Answer
$$
C(x)= 0.32 x^{2}-0.00004 x^{3}
$$
$$
R(x)= 0.848 x^{2}-0.0002 x^{3}
$$
First find the profit function $P(x)$
$$
\begin{aligned}
P(x)=& R(x)-C(x) \\
=& 0.528 x^{2}-0.00018 x^{3}.
\end{aligned}
$$
The profit function is increasing on (0, 2200).
Work Step by Step
$$
C(x)= 0.32 x^{2}-0.00004 x^{3}
$$
$$
R(x)= 0.848 x^{2}-0.0002 x^{3}
$$
First find the profit function $P(x)$
$$
\begin{aligned}
P(x)=& R(x)-C(x) \\
=&\left(0.848 x^{2}-0.0002 x^{3}\right) \\
& \quad-\left(0.32 x^{2}-0.00004 x^{3}\right) \\
=& 0.528 x^{2}-0.00018 x^{3}
\end{aligned}
$$
To find any intervals where this function is increasing, set $P^{\prime}(x)=0$
$$
\begin{aligned}
P^{\prime}(x) &= 0.528 (2) x-0.00018 (3) x^{2} \\
&= 1.056 x-0.00048 x^{2} \\
&=x(1.056 -0.00048 x) \\
\Rightarrow\quad\quad\quad\quad\quad\\\
x=0 & \text { or } x=2200
\end{aligned}
$$
Now, we can use the first derivative test.
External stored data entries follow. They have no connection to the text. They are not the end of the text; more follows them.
definition lin :: "('a \<Rightarrow> ('b \<Rightarrow>\<^sub>0 complex)) \<Rightarrow> ('a \<Rightarrow>\<^sub>0 complex) \<Rightarrow> ('b \<Rightarrow>\<^sub>0 complex)" where
  "lin g p = (\<Sum>a\<in>Poly_Mapping.keys p. scale (Poly_Mapping.lookup p a) (g a))"

lemma lin2_eq_lin: "lin2 = lin"
  by (intro ext) (simp add: lin2_def lin_def)

lemma lin_eq_sum_superset:
  assumes "finite A" "Poly_Mapping.keys p \<subseteq> A"
  shows "lin g p = (\<Sum>a\<in>A. scale (Poly_Mapping.lookup p a) (g a))"
  unfolding lin_def by (rule sum.mono_neutral_left) (use assms in \<open>auto simp: in_keys_iff\<close>)

lemma lin_add: "lin g (p + q) = lin g p + lin g q"
proof -
  let ?A = "Poly_Mapping.keys p \<union> Poly_Mapping.keys q"
  have "lin g (p + q) = (\<Sum>a\<in>?A. scale (Poly_Mapping.lookup (p + q) a) (g a))"
    using keys_add[of p q] by (intro lin_eq_sum_superset) auto
  also have "\<dots> = (\<Sum>a\<in>?A. scale (Poly_Mapping.lookup p a) (g a))
                  + (\<Sum>a\<in>?A. scale (Poly_Mapping.lookup q a) (g a))"
    by (simp add: lookup_add scale_add_left sum.distrib)
  also have "\<dots> = lin g p + lin g q"
    by (subst (1 2) lin_eq_sum_superset[of ?A]) auto
  finally show ?thesis .
qed

lemma lin_scale: "lin g (scale c p) = scale c (lin g p)"
proof -
  have "lin g (scale c p)
      = (\<Sum>a\<in>Poly_Mapping.keys p. scale (Poly_Mapping.lookup (scale c p) a) (g a))"
    using keys_scale_subset[of c p] by (intro lin_eq_sum_superset) auto
  then show ?thesis by (simp add: lin_def scale_sum scale_scale)
qed

lemma lin_single: "lin g (Poly_Mapping.single a c) = scale c (g a)"
  by (simp add: lin_def)

lemma lin_mono: "lin g (mono w) = g w"
  by (simp add: mono_def lin_single)

lemma lin_add_fun: "lin (\<lambda>a. g a + h a) p = lin g p + lin h p"
  by (simp add: lin_def scale_add_right sum.distrib)

lemma lin_scale_fun: "lin (\<lambda>a. scale c (g a)) p = scale c (lin g p)"
  by (simp add: lin_def scale_sum scale_scale mult.commute)

lemma lin_cong: "(\<And>a. a \<in> Poly_Mapping.keys p \<Longrightarrow> g a = h a) \<Longrightarrow> lin g p = lin h p"
  by (simp add: lin_def)

lemma lin_single_one: "lin (\<lambda>a. Poly_Mapping.single a 1) p = p"
  by (rule poly_mapping_eqI)
    (simp add: lin_def lookup_sum scale_single lookup_single when_def in_keys_iff)

lemma lin_swap: "lin (\<lambda>a. lin (\<lambda>b. F a b) q) p = lin (\<lambda>b. lin (\<lambda>a. F a b) p) q"
  unfolding lin_def by (simp add: scale_sum scale_scale mult.commute) (rule sum.swap)

definition scale_linear :: "(('a \<Rightarrow>\<^sub>0 complex) \<Rightarrow> ('b \<Rightarrow>\<^sub>0 complex)) \<Rightarrow> bool" where
  "scale_linear F \<longleftrightarrow> (\<forall>p q. F (p + q) = F p + F q) \<and> (\<forall>c p. F (scale c p) = scale c (F p))"

lemma scale_linearD:
  assumes "scale_linear F"
  shows "F (p + q) = F p + F q" "F (scale c p) = scale c (F p)" "F 0 = 0"
    "F (- p) = - F p" "F (p - q) = F p - F q" "F (sum f I) = (\<Sum>i\<in>I. F (f i))"
proof -
  show add: "F (p + q) = F p + F q" for p q using assms by (simp add: scale_linear_def)
  show scale: "F (scale c p) = scale c (F p)" for c p using assms by (simp add: scale_linear_def)
  show zero: "F 0 = 0" using scale[of 0 0] by simp
  show uminus: "F (- p) = - F p" for p using scale[of "-1" p] by (simp add: scale_minus_one)
  show "F (p - q) = F p - F q" using add[of p "- q"] uminus[of q] by simp
  show "F (sum f I) = (\<Sum>i\<in>I. F (f i))"
    by (induction I rule: infinite_finite_induct) (auto simp: zero add)
qed

lemma scale_linear_lin: "scale_linear (lin g)"
  by (simp add: scale_linear_def lin_add lin_scale)

lemma lin_lin: "lin g (lin f p) = lin (\<lambda>a. lin g (f a)) p"
  by (simp add: lin_def[of _ p] scale_linearD[OF scale_linear_lin] lin_scale)

lemma scale_linear_id: "scale_linear (\<lambda>p. p)"
  by (simp add: scale_linear_def)

lemma scale_linear_diff:
  "scale_linear F \<Longrightarrow> scale_linear G \<Longrightarrow> scale_linear (\<lambda>p. F p - G p)"
  by (simp add: scale_linear_def scale_diff_right algebra_simps)

lemma scale_linear_sum:
  "(\<And>i. i \<in> I \<Longrightarrow> scale_linear (F i)) \<Longrightarrow> scale_linear (\<lambda>p. \<Sum>i\<in>I. F i p)"
  by (simp add: scale_linear_def scale_sum sum.distrib)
Check the sign of $P^{\prime}(x)$ in the intervals:
$$
(0, 2200 ), \quad ( 2200 , 3300),
$$
(1)
Test a number in the interval $(0, 2200 ) $ say $100$:
$$
\begin{aligned}
P^{\prime}(100) &=1.056 (100)-0.00048 (100)^{2} \\
&=100.8 \\
&\gt 0
\end{aligned}
$$
we see that $P^{\prime}(x)$ is positive in that interval, so $P(x)$ is increasing on $(0, 2200)$.
(2)
Test a number in the interval $(2200, 3300 ) $ say $3000$:
$$
\begin{aligned}
P^{\prime}(13000) &=1.056 (3000)-0.00048 (3000)^{2} \\
&=-1152 \\
&\lt 0
\end{aligned}
$$
we see that $P^{\prime}(x)$ is negative in that interval, so $P(x)$ is decreasing on $(2200 , 3300)$.
So, The profit function is increasing on (0, 2200).